#### [What the exercise asks]
Of the lines below, copy those that hold the word "ucycle".

Stored data entries
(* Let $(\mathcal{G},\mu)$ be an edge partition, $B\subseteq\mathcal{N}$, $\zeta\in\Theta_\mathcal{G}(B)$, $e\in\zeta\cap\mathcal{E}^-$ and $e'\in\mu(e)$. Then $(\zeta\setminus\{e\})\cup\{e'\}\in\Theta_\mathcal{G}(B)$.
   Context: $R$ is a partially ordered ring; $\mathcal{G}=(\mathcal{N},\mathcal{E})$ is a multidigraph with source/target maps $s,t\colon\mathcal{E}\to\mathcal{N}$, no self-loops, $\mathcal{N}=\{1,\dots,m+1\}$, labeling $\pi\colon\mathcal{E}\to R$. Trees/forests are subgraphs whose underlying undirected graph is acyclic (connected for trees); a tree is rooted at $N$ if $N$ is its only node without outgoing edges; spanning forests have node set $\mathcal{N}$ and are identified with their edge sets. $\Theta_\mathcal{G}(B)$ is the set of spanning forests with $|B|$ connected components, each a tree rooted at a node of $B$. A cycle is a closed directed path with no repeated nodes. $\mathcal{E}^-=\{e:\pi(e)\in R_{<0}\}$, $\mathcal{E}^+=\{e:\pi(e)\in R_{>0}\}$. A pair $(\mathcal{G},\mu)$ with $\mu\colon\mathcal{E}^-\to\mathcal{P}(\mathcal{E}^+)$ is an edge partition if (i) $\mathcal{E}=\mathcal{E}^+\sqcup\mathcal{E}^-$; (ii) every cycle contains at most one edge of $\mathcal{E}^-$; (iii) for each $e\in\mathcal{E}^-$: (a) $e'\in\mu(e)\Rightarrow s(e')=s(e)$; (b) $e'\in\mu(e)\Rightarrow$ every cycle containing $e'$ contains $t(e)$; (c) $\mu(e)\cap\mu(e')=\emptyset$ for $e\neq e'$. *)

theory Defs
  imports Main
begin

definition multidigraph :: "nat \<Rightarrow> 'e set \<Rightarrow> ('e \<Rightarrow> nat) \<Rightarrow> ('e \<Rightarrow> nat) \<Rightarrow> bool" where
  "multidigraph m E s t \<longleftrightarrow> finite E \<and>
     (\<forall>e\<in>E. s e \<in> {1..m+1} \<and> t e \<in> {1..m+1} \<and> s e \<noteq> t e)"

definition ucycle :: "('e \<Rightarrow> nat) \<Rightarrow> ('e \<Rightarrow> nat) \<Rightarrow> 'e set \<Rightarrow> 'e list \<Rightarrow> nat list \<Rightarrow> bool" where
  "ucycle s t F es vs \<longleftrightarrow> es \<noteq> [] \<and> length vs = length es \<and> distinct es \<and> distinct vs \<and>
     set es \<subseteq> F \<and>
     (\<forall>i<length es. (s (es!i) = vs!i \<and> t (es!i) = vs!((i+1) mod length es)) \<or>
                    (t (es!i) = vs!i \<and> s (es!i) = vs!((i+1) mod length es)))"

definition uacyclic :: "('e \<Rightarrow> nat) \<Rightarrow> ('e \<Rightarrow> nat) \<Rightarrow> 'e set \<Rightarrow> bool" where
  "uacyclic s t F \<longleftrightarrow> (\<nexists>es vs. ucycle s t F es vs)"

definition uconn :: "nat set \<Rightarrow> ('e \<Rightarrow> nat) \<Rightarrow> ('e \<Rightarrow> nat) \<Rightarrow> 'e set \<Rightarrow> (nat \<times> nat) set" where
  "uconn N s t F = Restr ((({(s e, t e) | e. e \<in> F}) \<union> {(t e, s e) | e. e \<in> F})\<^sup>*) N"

==

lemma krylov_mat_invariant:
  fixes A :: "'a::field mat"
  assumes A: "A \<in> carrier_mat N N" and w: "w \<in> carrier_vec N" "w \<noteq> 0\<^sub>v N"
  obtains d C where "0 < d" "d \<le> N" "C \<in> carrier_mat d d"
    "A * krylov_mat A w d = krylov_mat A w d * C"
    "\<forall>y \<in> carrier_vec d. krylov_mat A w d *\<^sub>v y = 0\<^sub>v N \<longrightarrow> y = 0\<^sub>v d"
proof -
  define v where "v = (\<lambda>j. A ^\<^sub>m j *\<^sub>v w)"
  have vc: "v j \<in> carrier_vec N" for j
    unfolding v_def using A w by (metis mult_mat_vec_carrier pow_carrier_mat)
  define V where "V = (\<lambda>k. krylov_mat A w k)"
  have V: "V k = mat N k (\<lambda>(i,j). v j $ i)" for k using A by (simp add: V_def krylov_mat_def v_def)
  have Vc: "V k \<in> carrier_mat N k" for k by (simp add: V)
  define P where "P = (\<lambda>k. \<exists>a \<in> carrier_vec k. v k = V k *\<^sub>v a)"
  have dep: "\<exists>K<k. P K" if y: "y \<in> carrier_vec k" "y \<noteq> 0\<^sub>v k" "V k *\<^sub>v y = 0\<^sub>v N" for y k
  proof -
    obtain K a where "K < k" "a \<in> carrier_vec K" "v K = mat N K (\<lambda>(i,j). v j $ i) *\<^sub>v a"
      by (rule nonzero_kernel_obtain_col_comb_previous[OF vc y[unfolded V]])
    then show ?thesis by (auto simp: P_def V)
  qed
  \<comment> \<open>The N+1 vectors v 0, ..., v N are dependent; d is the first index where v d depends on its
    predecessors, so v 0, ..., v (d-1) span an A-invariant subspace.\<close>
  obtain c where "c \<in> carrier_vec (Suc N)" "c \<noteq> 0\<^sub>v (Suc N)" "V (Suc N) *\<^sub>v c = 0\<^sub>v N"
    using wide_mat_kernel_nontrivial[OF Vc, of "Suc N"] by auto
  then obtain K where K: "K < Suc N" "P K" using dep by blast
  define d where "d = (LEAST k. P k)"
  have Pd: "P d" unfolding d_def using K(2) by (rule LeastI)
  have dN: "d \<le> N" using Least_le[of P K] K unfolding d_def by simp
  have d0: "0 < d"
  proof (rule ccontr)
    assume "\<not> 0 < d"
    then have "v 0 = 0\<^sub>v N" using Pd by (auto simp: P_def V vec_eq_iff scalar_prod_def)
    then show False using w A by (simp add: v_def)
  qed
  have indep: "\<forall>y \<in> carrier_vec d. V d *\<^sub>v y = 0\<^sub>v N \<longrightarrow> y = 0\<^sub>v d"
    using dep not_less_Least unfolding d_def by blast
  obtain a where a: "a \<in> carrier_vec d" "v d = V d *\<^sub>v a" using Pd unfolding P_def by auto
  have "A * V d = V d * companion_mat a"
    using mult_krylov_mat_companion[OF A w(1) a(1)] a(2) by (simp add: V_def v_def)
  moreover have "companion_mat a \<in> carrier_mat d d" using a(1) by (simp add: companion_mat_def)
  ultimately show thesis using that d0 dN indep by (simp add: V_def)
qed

#### [Task output]
definition ucycle :: "('e \<Rightarrow> nat) \<Rightarrow> ('e \<Rightarrow> nat) \<Rightarrow> 'e set \<Rightarrow> 'e list \<Rightarrow> nat list \<Rightarrow> bool" where
  "ucycle s t F es vs \<longleftrightarrow> es \<noteq> [] \<and> length vs = length es \<and> distinct es \<and> distinct vs \<and>
  "uacyclic s t F \<longleftrightarrow> (\<nexists>es vs. ucycle s t F es vs)"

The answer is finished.